In respect of each Material Saracen Facility, either consent to or waiver of any change of control, merger, amalgamation, scheme of arrangement, delisting from ASX or similar provisions and any restriction on paying the Saracen Dividend existing in that Material Saracen Facility has been given to Saracen or a standstill agreement has been entered into between Saracen and the counterparty to that Material Saracen Facility, or Saracen has prepaid and cancelled all facilities under that Material Saracen Facility and the Court order approving the Scheme under section 411(4)(b) of the Corporations Act is lodged with ASIC. Transaction is unanimously recommended by the Board of Saracen and Northern Star subject to no superior offer. As on November 25, 2020, all Northern Star financier consents and Material Saracen Facilities and Relevant Agreements consents required are now obtained. As on December 9, 2020, The Supreme Court of Western Australia has passed following orders- i) Saracen convene a meeting of Saracen shareholders to consider and vote on the Scheme and ii) approving the dispatch of an explanatory statement providing information about the Scheme and notice of the Scheme Meeting. The Scheme Meeting, at which Saracen shareholders will vote on the proposed merger, will be held on January 15, 2021. Saracen and Northern Star confirmed that the Scheme Booklet has today been registered with the Australian Securities and Investments Commission. The Scheme Booklet will be dispatched to Saracen shareholders by Tuesday, December 15, 2020. As on January 15, 2021, shareholders of Saracen Mineral Holdings Limited approved this transaction. As on February 2, 2021, the Supreme Court of Western Australia approved the scheme. The Scheme will become effective on the date upon which the office copy of the order of the approving the Scheme is lodged with ASIC or such earlier date as the Court determines or specifies in the order. Transaction is expected to close on February 12, 2021. Record date for transaction is February 5, 2021. As on November 25, 2020 the transaction is expected to close in February, 2021. As on December 10, 2020, the scheme Implementation Date is February 12, 2021. The second court hearing is expected to be held on February 2, 2021. As of February 2, 2021, the scheme is expected to become legally effective of February 3, 2021. The transaction is highly accretive.

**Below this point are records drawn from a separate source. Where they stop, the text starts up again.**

lemma plateau_has_positive_measure: "0 < emeasure lebesgue {x \<in> ball (0::'n::euclidean_space) R. v x = psi h \<sigma>}"
proof -
  have "sqrt a < R"
    using transition_in_ball d_pos R_pos real_sqrt_less_iff[of a "R\<^sup>2"] by simp
  have "ball (0::'n) (sqrt a) \<subseteq> {x \<in> ball 0 R. v x = psi h \<sigma>}"
  proof
    fix x :: 'n
    assume "x \<in> ball 0 (sqrt a)"
    then have x: "norm x < sqrt a"
      by simp
    then have "(norm x)\<^sup>2 < (sqrt a)\<^sup>2"
      by (intro power_strict_mono) auto
    then have "x \<bullet> x \<le> a"
      using a_pos by (simp add: power2_norm_eq_inner)
    moreover have "x \<in> ball 0 R"
      using x \<open>sqrt a < R\<close> by simp
    ultimately show "x \<in> {x \<in> ball 0 R. v x = psi h \<sigma>}"
      by (simp add: v_plateau)
  qed
  moreover have "{x \<in> ball (0::'n) R. v x = psi h \<sigma>} \<in> sets lebesgue"
  proof -
    have closed: "closed {x::'n. v x = psi h \<sigma>}"
      by (rule closed_Collect_eq[OF continuous_on_v continuous_on_const])
    have "ball 0 R \<inter> {x::'n. v x = psi h \<sigma>} \<in> sets borel"
      by (rule sets.Int[OF borel_open[OF open_ball] borel_closed[OF closed]])
    then show ?thesis
      by (simp add: Int_def)
  qed
  ultimately have "emeasure lebesgue (ball (0::'n) (sqrt a)) \<le> emeasure lebesgue {x \<in> ball (0::'n) R. v x = psi h \<sigma>}"
    by (rule emeasure_mono)
  moreover have "emeasure lebesgue (ball (0::'n) (sqrt a)) \<noteq> 0"
    using open_not_negligible[of "ball (0::'n) (sqrt a)"] a_pos
    by (auto simp: negligible_iff_null_sets null_sets_def)
  ultimately show ?thesis
    by (simp add: order_less_le_trans[OF zero_less_iff_neq_zero[THEN iffD2]])
qed

end

theorem theorem4p6:
  fixes h :: "real \<Rightarrow> real" and \<sigma> \<gamma> C R :: real
  assumes "\<sigma> > 0"
    and "continuous_on {0..<\<sigma>} h"
    and "strict_mono_on {0..<\<sigma>} h"
    and "\<forall>s\<in>{0..<\<sigma>}. h s > 0"
    and "filterlim h at_top (at_left \<sigma>)"
    and "1 \<le> \<gamma>" and "\<gamma> < 2" and "C > 0"
    and "((\<lambda>s. (\<sigma> - s) powr \<gamma> * h s) \<longlongrightarrow> C) (at_left \<sigma>)"
    and "R > 0"
  shows "\<exists>lam0. \<forall>lam\<ge>lam0. \<exists>(v :: 'n::euclidean_space \<Rightarrow> real) Gv.
           H10 (ball 0 R) v Gv \<and>
           (\<forall>x\<in>ball 0 R. 0 \<le> v x \<and> v x \<le> psi h \<sigma>) \<and>
           (\<forall>\<phi> G\<phi>. H10 (ball 0 R) \<phi> G\<phi> \<and> (\<forall>x\<in>ball 0 R. \<phi> x \<ge> 0) \<longrightarrow>
              (LINT x:ball 0 R|lebesgue. Gv x \<bullet> G\<phi> x)
                \<le> lam * (LINT x:ball 0 R|lebesgue. gfun h \<sigma> (v x) * \<phi> x)) \<and>
           emeasure lebesgue {x\<in>ball 0 R. v x = psi h \<sigma>} > 0"
proof -
  have "continuous_on {0..<\<sigma>} (\<lambda>s. (\<sigma> - s) powr \<gamma> * h s)"
    using assms(2) by (intro continuous_intros) auto
  then obtain M where M: "\<And>t. t \<in> {0..<\<sigma>} \<Longrightarrow> (\<sigma> - t) powr \<gamma> * h t \<le> M"
    using continuous_on_atLeastLessThan_bounded_above assms(9) by blast
  obtain n where n: "3 \<le> n" "real n * \<gamma> \<le> 2 * real n - 2"
    using exponent_for_blowup[OF assms(7)] .
  interpret radial_subsolution h \<sigma> n "R\<^sup>2 / 3" "R\<^sup>2 / 3" \<gamma> M R
    by unfold_locales (use assms n M in auto)
  show ?thesis
  proof (intro exI[of _ "2 * real DIM('n) * slope_bound + 4 * R\<^sup>2 * (bend_bound + singular_bound)"]
      allI impI exI[of _ v] exI[of _ grad_v] conjI ballI)
    fix lam assume lam: "2 * real DIM('n) * slope_bound + 4 * R\<^sup>2 * (bend_bound + singular_bound) \<le> lam"
    show "H10 (ball 0 R) (v :: 'n \<Rightarrow> real) grad_v"
      by (rule H10_test_fun[OF test_fun_v])
    show "0 \<le> v x" "v x \<le> psi h \<sigma>" for x :: 'n
      by (rule v_bounds)+
    show "(LINT x:ball 0 R|lebesgue. grad_v x \<bullet> G\<phi> x) \<le> lam * (LINT x:ball 0 R|lebesgue. gfun h \<sigma> (v x) * \<phi> x)"
      if "H10 (ball 0 R) \<phi> G\<phi> \<and> (\<forall>x\<in>ball 0 R. 0 \<le> \<phi> x)" for \<phi> :: "'n \<Rightarrow> real" and G\<phi>
      using weak_subsolution_v[OF lam] that by blast
    show "0 < emeasure lebesgue {x \<in> ball (0::'n) R. v x = psi h \<sigma>}"
      by (rule plateau_has_positive_measure)
  qed
qed

end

Sternship Advisers Pty Ltd. acted as financial advisor and Antonella Pacitti, Roger Davies, Lorenzo Pacitti, Gaelan Cooney and Catherine Pedler of Ashurst Australia acted as legal advisors for Northern Star. Macquarie Group Limited (ASX:MQG) acted as financial advisor and James Stewart, Michael Bowen, Alex Jones, Rhys Davies, Rhys Davies, Roger Hawkins, Kirsty Hall and Tarrant Sewell of DLA Piper Australia Pty Ltd acted as legal advisors for Saracen. Pricewaterhousecoopers Securities Limited acted as accountant to Saracen Mineral Holdings Limited.

Saracen Mineral Holdings Limited will pay financial advisory fees between AUD13.4 million to AUD 15.4 million, legal fees of AUD 1.7 million, tax and accounting advisory fees of AUD 0.36 million ,due diligence and valuation fees of AUD 0.41 million, Independent Expert of around AUD 0.3 million, fees of the Independent Technical Specialist of around AUD 0.32 fees of the Investigating Accountant of around AUD 0.05 million. Northern Star estimates that it will incur financial advisory fees of between AUD 1.2m to AUD 2.1 million, legal advisory fees of between AUD 1.25 million to AUD 1.5 million and accounting and taxation advisory fees of AUD 0.25 million.

Northern Star Resources Limited (ASX:NST) completed the acquisition of Saracen Mineral Holdings Limited (ASX:SAR) in merger of equals transaction on February 3, 2021. Saracen Mineral Holdings Limited will cease trading on the Australian Stock Exchange on February 3, 2021.